Gewerkschaft fordert „faire Arbeit“ mit Tarifverträgen
„Bei dem seit dem 1. Januar gültigen Gesetz haben wir nicht den Eindruck, dass es sich um Kosmetik handelt“, sagte Johannes Specht von der Gewerkschaft Nahrung Genuss Gaststätten (NGG) der Deutschen Presse-Agentur. „Wenn die Branche das jetzt nicht verstanden hat, dass sich etwas ändern muss, dann ist denen nicht zu helfen. Und ändern heißt dann: faire Arbeit, mit Einhaltung der Gesetze und mit Tarifverträgen“, sagt Specht.
„Zum Thema flächendeckender Tarifvertrag, für den sich Herr Tönnies ja ausgesprochen hat: Wir sind offen für Verhandlungen“, sagt der Leiter der NGG-Tarifabteilung. Bislang habe die Gewerkschaft allerdings weder von Tönnies noch von den Fleischverbänden dazu eine Antwort bekommen.
Tönnies verweist dagegen auf die Zuständigkeit des Verbandes. „Schon im Zuge des Gesetzgebungsverfahrens hat der Verband der Ernährungswirtschaft die NGG zu Gesprächen über Tarifverträge aufgefordert. Erst mit Abschluss des Gesetzgebungsverfahrens ist die NGG dann im Dezember auf den Verband zugegangen“,
erklärt ein Unternehmenssprecher. Die ersten Sondierungsgespräche zwischen dem sozialpolitischen Ausschuss der deutschen Fleischindustrie, in dem auch Tönnies und dessen Mitbewerber vertreten sind, und der NGG sollen laut Tönnies bald aufgenommen werden.

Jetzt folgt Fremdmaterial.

instance cmatrix :: (finite) banach
proof
  fix X :: "nat \<Rightarrow> 'a cmatrix"
  assume X: "Cauchy X"
  have "Cauchy (\<lambda>n. entry (X n) i j)" for i j
  proof (rule CauchyI)
    fix e :: real assume "0 < e"
    then obtain M where "\<forall>m\<ge>M. \<forall>n\<ge>M. norm (X m - X n) < e" using X CauchyD by blast
    then show "\<exists>M. \<forall>m\<ge>M. \<forall>n\<ge>M. norm (entry (X m) i j - entry (X n) i j) < e"
      using norm_entry_le[of "X _ - X _" i j] by (metis entry_diff order_le_less_trans)
  qed
  then have lim_entry: "(\<lambda>n. entry (X n) i j) \<longlonglongrightarrow> lim (\<lambda>n. entry (X n) i j)" for i j
    using Cauchy_convergent convergent_LIMSEQ_iff by blast
  define Y where "Y = of_cmat (\<lambda>i j. lim (\<lambda>n. entry (X n) i j))"
  have "(\<lambda>n. cmod (entry (X n - Y) i j)) \<longlonglongrightarrow> 0" for i j
    using LIM_zero[OF lim_entry] by (simp add: Y_def tendsto_norm_zero_iff)
  then have "(\<lambda>n. \<Sum>i\<in>UNIV. \<Sum>j\<in>UNIV. cmod (entry (X n - Y) i j)) \<longlonglongrightarrow> 0"
    using tendsto_sum[of UNIV "\<lambda>i n. \<Sum>j\<in>UNIV. cmod (entry (X n - Y) i j)" "\<lambda>_. 0"]
      tendsto_sum[of UNIV "\<lambda>j n. cmod (entry (X n - Y) _ j)" "\<lambda>_. 0"] by simp
  then have "(\<lambda>n. X n - Y) \<longlonglongrightarrow> 0"
    by (rule Lim_null_comparison[OF always_eventually, OF allI, OF norm_le_sum_norm_entries])
  then show "convergent X"
    by (auto simp: LIM_zero_iff intro: convergentI)
qed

Den Einsatz von Zeitarbeit verbietet der Gesetzgeber ab dem 1. April. Die Fleischindustrie verweist auf die Grillsaison im Sommer. Specht fordert auch hier die Arbeitgeber zu Gesprächen auf. „In anderen Wirtschaftsbranchen, die auch saisonale Schwankungen haben, gibt es sehr flexible Arbeitszeitmodelle. Schokohasen oder Bier werden auch nicht das ganze Jahr durch im gleichen Maße produziert“, sagt Specht. Es liege in der Natur der Sache, dass es in dieser Zeit mehr Arbeit gebe. „Aber genau dafür gibt es dann Arbeitszeitkonten. Und das funktioniert auch“, sagt der Gewerkschaftsvertreter.